EXERCISE OBJECTIVE:
Under this line are the records; write out word for word the part that begins at the line containing "using assms(2) unfolding cyc_def .." and ends at the line containing "with assms(4) show ?case", and no more.

Collected data:
########

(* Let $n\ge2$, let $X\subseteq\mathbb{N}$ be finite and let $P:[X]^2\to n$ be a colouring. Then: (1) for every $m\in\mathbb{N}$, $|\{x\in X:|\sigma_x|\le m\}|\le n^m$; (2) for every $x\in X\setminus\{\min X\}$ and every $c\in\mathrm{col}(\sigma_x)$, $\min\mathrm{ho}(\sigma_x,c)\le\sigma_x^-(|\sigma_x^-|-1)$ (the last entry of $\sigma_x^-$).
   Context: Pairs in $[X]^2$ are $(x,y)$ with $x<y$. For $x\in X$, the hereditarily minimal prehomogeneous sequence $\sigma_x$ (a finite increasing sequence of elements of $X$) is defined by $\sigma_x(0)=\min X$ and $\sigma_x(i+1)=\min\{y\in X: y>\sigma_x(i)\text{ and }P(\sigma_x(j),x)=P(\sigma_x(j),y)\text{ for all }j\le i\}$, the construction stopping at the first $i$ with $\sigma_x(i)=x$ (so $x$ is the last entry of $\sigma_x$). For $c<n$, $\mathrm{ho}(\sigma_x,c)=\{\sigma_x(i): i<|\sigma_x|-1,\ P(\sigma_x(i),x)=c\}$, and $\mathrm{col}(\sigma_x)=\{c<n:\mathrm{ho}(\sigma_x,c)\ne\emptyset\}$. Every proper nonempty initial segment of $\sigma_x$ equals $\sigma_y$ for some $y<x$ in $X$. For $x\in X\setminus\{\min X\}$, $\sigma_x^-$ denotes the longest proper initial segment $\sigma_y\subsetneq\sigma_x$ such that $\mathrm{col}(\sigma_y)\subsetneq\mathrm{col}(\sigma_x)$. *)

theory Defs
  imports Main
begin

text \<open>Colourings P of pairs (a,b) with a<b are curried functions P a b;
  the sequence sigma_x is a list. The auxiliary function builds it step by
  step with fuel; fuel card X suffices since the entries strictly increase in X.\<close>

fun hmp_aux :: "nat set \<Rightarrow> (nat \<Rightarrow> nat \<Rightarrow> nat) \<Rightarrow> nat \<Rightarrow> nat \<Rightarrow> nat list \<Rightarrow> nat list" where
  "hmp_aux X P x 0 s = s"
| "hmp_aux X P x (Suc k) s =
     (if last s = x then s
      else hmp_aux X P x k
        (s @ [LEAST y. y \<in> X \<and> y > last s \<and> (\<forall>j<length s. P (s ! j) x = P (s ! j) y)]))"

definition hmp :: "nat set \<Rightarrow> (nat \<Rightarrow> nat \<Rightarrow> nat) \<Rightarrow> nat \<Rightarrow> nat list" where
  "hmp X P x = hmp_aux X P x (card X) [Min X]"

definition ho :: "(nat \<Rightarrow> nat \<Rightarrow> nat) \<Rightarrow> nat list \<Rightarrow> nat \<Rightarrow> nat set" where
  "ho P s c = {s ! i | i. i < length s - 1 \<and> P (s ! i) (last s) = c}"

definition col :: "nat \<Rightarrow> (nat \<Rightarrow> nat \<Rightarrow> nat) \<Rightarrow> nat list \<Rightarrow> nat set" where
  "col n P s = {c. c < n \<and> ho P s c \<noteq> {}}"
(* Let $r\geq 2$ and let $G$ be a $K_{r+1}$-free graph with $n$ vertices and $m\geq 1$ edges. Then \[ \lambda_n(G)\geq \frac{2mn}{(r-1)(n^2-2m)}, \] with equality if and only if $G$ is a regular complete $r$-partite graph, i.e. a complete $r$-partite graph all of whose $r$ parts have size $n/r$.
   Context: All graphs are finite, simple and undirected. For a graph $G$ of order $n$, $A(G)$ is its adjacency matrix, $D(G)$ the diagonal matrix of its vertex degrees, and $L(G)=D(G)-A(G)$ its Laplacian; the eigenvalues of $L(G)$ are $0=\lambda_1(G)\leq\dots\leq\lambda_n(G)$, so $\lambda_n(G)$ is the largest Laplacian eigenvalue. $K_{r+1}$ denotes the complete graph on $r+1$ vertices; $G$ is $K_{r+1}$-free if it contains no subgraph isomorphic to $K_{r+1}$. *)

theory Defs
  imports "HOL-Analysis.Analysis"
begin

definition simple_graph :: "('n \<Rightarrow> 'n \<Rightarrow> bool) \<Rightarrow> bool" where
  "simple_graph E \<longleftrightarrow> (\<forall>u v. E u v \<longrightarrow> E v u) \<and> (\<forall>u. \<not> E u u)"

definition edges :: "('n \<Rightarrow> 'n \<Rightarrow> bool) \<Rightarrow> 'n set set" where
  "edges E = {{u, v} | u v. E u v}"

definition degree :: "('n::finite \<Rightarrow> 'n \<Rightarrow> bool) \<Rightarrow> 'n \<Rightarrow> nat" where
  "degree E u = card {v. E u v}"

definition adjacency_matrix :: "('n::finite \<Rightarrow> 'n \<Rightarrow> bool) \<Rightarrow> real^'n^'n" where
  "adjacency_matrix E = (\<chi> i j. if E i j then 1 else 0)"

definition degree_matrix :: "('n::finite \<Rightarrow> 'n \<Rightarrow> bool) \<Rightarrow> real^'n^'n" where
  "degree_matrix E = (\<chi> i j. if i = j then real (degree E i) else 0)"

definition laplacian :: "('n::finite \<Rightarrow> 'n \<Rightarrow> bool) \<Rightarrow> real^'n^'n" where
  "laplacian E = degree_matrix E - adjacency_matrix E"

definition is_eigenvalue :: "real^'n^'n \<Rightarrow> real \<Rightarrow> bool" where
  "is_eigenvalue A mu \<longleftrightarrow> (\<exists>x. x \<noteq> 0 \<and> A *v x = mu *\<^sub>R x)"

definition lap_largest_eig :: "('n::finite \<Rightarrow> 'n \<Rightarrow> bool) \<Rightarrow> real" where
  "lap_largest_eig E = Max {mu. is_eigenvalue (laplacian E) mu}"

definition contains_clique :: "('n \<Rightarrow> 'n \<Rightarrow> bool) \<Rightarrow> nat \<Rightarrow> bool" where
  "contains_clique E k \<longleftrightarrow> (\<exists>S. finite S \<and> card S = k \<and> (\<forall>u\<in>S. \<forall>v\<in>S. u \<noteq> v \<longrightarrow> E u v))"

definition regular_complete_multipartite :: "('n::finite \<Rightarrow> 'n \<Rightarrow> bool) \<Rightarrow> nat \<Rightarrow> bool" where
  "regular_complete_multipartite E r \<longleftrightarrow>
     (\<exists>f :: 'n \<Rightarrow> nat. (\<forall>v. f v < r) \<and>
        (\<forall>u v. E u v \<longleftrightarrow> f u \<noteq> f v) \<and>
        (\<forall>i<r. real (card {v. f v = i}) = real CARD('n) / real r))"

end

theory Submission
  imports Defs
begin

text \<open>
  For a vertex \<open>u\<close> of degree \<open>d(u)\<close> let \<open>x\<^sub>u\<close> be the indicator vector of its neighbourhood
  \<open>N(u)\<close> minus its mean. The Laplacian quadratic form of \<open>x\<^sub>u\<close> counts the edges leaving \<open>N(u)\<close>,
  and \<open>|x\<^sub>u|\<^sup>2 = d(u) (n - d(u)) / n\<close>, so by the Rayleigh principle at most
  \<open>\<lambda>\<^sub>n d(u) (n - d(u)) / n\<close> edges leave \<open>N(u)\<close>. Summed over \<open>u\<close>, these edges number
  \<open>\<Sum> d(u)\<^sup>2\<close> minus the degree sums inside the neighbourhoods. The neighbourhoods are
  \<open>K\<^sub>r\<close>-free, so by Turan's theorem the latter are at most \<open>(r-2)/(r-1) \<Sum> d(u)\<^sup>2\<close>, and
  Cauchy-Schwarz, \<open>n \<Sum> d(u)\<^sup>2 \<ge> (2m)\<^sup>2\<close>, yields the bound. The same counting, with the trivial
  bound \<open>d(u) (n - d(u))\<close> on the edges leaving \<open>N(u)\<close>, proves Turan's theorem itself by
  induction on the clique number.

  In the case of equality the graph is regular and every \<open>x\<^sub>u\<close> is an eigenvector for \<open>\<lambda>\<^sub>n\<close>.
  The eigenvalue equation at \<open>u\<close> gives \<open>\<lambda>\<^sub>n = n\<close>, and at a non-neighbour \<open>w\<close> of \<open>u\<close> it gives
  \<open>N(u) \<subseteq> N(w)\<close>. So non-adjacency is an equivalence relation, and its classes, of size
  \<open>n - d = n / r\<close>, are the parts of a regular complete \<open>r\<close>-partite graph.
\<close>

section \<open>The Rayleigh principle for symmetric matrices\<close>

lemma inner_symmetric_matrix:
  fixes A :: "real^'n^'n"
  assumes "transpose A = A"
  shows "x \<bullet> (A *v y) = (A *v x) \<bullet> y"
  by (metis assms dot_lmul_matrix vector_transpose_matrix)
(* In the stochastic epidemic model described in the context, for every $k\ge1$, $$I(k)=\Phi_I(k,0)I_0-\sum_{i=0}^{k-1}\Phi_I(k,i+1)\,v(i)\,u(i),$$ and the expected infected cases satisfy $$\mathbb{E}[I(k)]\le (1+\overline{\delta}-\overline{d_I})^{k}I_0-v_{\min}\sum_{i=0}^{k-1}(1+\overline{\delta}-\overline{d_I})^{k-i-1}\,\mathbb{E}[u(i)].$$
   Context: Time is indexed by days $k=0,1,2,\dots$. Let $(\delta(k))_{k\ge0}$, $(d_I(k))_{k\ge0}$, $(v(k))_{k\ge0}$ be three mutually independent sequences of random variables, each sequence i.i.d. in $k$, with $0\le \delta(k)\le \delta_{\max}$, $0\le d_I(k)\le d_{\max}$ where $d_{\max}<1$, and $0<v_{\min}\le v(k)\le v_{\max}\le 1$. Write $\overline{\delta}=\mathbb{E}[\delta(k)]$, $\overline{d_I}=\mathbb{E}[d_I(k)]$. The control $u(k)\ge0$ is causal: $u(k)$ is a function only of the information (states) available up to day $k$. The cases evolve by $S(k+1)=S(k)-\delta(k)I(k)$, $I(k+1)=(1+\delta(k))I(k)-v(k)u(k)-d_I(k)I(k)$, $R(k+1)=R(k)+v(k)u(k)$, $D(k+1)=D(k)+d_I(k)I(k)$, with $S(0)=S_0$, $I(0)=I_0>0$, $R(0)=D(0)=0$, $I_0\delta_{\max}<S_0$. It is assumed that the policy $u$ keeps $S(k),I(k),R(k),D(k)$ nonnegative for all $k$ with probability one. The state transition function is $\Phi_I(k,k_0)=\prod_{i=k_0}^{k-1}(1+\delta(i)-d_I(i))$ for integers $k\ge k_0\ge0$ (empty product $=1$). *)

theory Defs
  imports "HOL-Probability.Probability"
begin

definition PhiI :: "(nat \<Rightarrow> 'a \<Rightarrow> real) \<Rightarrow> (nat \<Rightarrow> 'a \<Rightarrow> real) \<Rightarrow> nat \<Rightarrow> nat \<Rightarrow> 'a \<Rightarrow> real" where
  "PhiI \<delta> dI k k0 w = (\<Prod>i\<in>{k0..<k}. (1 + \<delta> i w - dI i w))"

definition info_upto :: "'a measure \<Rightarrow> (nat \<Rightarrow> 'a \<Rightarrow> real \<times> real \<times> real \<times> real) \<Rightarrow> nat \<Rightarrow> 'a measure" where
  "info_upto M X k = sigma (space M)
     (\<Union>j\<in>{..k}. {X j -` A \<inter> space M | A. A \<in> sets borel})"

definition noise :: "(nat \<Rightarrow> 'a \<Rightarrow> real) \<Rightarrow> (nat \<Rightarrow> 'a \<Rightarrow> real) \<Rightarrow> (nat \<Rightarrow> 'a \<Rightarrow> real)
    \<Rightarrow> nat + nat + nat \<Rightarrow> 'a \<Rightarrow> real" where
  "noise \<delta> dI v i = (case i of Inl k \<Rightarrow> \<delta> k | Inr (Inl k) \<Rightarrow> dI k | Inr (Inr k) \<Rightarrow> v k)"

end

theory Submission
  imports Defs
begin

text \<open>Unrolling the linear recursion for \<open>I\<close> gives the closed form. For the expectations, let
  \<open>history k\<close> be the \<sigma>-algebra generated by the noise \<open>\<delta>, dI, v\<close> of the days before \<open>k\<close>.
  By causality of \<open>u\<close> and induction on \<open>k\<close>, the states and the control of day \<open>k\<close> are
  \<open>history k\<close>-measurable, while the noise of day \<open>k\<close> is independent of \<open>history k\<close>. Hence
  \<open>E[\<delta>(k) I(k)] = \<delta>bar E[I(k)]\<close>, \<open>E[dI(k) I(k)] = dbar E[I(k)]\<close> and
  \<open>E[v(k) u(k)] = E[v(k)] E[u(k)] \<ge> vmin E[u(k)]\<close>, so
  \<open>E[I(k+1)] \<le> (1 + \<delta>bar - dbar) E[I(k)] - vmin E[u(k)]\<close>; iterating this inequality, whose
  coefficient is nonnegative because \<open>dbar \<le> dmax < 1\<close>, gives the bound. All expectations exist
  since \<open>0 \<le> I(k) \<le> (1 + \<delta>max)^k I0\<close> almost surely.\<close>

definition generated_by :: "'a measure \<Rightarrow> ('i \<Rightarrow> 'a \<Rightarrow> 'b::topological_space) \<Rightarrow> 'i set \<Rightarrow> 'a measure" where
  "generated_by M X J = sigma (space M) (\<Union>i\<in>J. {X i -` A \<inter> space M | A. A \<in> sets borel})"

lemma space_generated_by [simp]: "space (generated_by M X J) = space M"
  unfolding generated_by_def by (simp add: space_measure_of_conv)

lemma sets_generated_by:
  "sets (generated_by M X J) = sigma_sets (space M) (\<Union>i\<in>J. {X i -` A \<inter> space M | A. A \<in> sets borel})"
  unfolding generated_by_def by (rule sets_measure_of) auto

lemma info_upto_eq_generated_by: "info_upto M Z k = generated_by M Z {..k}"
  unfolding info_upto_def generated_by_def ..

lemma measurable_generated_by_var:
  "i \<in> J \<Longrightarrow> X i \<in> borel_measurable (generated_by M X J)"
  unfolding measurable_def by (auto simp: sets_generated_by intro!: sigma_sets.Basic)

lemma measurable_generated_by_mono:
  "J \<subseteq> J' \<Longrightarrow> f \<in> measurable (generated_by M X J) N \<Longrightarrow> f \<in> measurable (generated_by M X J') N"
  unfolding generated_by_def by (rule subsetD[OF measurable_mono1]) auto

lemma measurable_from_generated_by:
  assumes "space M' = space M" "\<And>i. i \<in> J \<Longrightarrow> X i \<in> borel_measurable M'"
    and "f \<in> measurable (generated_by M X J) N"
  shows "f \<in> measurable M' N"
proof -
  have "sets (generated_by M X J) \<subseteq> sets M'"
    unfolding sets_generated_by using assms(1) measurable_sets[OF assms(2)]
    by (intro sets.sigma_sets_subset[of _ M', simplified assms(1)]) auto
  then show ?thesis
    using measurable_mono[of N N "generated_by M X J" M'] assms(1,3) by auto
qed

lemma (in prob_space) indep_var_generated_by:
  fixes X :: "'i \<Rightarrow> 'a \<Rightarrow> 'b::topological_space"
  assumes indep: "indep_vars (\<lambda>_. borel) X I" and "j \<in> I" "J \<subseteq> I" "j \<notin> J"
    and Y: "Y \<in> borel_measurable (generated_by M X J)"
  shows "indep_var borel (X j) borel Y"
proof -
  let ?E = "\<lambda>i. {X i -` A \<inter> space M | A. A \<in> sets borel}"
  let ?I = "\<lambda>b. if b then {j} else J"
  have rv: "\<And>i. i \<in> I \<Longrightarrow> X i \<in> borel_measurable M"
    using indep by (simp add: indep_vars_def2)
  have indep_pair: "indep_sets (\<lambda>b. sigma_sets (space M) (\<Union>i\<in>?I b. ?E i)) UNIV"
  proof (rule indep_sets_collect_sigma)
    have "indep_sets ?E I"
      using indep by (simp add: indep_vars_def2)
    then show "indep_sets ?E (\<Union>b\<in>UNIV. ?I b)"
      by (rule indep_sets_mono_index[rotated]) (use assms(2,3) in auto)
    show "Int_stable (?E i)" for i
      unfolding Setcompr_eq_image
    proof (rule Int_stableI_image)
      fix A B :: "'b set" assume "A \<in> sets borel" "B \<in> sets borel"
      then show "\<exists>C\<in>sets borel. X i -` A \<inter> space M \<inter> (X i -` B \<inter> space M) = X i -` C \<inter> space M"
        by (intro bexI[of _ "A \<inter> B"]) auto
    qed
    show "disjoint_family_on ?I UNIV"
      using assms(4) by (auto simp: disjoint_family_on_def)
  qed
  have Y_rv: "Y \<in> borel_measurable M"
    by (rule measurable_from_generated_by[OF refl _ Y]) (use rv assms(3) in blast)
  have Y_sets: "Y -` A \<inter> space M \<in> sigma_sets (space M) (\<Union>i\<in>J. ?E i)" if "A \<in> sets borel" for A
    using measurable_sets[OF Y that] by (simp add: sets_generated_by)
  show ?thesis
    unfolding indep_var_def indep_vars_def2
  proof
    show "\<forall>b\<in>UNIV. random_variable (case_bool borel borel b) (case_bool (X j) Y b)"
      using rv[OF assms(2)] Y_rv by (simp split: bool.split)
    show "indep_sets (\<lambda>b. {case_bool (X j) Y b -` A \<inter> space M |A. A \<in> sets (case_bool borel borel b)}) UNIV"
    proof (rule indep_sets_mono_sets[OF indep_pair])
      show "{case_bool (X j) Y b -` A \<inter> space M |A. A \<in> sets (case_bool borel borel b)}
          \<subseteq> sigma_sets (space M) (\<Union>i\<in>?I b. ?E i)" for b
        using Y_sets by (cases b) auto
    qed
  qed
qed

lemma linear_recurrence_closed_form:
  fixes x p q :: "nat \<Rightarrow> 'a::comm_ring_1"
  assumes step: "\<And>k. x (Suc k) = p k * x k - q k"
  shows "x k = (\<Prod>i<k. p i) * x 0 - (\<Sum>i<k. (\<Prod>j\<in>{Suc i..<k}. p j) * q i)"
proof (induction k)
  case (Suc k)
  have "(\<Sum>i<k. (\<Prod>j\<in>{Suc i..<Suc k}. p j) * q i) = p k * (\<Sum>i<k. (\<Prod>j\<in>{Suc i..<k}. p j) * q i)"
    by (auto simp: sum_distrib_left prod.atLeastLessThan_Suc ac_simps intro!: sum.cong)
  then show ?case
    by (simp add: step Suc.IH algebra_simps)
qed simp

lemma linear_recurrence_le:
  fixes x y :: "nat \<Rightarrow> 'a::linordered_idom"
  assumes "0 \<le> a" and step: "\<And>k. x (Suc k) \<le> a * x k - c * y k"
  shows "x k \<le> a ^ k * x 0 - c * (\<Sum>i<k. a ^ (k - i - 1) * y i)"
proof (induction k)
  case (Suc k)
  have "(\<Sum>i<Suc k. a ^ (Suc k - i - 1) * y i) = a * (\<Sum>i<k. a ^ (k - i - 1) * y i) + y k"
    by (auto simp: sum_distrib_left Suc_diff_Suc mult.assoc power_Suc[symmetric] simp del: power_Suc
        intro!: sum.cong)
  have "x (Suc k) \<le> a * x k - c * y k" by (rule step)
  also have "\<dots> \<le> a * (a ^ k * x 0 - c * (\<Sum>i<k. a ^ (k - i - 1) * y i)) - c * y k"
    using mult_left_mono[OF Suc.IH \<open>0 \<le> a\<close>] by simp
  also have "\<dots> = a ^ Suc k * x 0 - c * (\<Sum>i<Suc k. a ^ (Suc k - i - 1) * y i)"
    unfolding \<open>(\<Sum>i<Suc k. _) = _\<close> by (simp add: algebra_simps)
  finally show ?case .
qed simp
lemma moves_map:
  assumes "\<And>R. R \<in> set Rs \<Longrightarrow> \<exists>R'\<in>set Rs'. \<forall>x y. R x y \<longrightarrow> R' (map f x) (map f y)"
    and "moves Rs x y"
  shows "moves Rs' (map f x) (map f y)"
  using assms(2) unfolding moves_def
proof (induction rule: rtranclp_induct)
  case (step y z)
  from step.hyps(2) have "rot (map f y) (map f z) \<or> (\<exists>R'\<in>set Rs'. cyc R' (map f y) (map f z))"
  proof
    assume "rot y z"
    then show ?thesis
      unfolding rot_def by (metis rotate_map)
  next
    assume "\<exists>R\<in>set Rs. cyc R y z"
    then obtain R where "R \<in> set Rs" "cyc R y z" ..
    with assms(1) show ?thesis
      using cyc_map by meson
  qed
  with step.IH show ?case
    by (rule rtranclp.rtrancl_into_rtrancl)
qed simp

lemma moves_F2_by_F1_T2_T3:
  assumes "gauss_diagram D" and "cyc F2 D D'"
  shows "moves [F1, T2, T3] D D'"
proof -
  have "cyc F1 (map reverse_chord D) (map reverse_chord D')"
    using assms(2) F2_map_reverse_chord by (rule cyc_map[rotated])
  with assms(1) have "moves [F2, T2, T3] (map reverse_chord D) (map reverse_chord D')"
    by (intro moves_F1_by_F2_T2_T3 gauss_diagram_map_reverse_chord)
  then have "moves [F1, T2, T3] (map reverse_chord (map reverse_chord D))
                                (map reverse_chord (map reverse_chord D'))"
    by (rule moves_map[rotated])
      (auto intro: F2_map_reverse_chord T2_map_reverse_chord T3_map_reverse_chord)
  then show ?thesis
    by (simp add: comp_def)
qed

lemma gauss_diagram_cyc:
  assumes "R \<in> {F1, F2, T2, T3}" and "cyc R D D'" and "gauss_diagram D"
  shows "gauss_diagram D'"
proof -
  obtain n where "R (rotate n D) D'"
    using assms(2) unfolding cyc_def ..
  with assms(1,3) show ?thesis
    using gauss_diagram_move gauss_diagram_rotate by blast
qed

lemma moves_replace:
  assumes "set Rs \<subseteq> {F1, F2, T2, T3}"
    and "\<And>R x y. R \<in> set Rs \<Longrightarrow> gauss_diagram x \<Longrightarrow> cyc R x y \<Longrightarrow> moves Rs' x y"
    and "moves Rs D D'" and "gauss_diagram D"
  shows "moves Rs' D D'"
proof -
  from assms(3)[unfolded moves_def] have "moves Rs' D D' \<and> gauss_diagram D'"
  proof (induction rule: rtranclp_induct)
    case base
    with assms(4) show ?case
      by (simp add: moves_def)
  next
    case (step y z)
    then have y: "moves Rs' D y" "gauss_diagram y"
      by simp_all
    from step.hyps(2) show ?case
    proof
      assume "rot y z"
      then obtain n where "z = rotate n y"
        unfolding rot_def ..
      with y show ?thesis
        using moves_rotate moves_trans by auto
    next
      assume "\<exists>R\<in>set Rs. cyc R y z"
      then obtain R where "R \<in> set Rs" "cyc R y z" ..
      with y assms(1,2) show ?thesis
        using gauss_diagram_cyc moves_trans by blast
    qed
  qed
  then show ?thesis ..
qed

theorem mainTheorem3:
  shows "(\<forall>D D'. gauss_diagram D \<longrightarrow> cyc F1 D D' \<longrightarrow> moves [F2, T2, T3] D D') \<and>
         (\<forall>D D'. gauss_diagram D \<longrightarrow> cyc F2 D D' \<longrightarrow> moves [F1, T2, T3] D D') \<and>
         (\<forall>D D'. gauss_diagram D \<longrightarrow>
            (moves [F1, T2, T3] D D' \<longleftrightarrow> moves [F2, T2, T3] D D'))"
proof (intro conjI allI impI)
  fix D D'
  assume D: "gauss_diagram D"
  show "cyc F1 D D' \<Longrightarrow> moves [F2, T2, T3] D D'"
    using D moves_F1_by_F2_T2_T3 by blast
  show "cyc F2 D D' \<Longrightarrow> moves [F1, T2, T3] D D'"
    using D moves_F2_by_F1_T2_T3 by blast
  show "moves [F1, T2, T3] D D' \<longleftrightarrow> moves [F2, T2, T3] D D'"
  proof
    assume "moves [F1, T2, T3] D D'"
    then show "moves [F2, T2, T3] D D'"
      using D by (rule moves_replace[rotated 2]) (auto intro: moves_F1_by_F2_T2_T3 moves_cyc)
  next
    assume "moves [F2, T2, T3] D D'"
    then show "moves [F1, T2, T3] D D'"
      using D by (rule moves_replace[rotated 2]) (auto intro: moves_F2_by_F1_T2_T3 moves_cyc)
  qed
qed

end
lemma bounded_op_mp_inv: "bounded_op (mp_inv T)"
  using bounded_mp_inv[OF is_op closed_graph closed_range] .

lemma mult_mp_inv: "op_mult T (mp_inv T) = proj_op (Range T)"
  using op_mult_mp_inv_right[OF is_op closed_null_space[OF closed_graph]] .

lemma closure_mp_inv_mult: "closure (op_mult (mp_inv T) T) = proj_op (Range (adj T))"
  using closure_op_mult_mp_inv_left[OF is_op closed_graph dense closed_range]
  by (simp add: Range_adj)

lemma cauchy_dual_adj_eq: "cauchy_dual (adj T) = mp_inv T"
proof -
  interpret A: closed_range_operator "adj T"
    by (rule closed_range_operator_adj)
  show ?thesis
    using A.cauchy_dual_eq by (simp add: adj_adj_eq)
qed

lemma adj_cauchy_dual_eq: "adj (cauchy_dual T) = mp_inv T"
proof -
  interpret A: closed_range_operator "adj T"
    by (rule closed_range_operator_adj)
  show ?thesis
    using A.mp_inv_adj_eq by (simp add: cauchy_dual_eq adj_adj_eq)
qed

########

REPLY:
    using assms(2) unfolding cyc_def ..
  with assms(1,3) show ?thesis
    using gauss_diagram_move gauss_diagram_rotate by blast
qed

lemma moves_replace:
  assumes "set Rs \<subseteq> {F1, F2, T2, T3}"
    and "\<And>R x y. R \<in> set Rs \<Longrightarrow> gauss_diagram x \<Longrightarrow> cyc R x y \<Longrightarrow> moves Rs' x y"
    and "moves Rs D D'" and "gauss_diagram D"
  shows "moves Rs' D D'"
proof -
  from assms(3)[unfolded moves_def] have "moves Rs' D D' \<and> gauss_diagram D'"
  proof (induction rule: rtranclp_induct)
    case base
    with assms(4) show ?case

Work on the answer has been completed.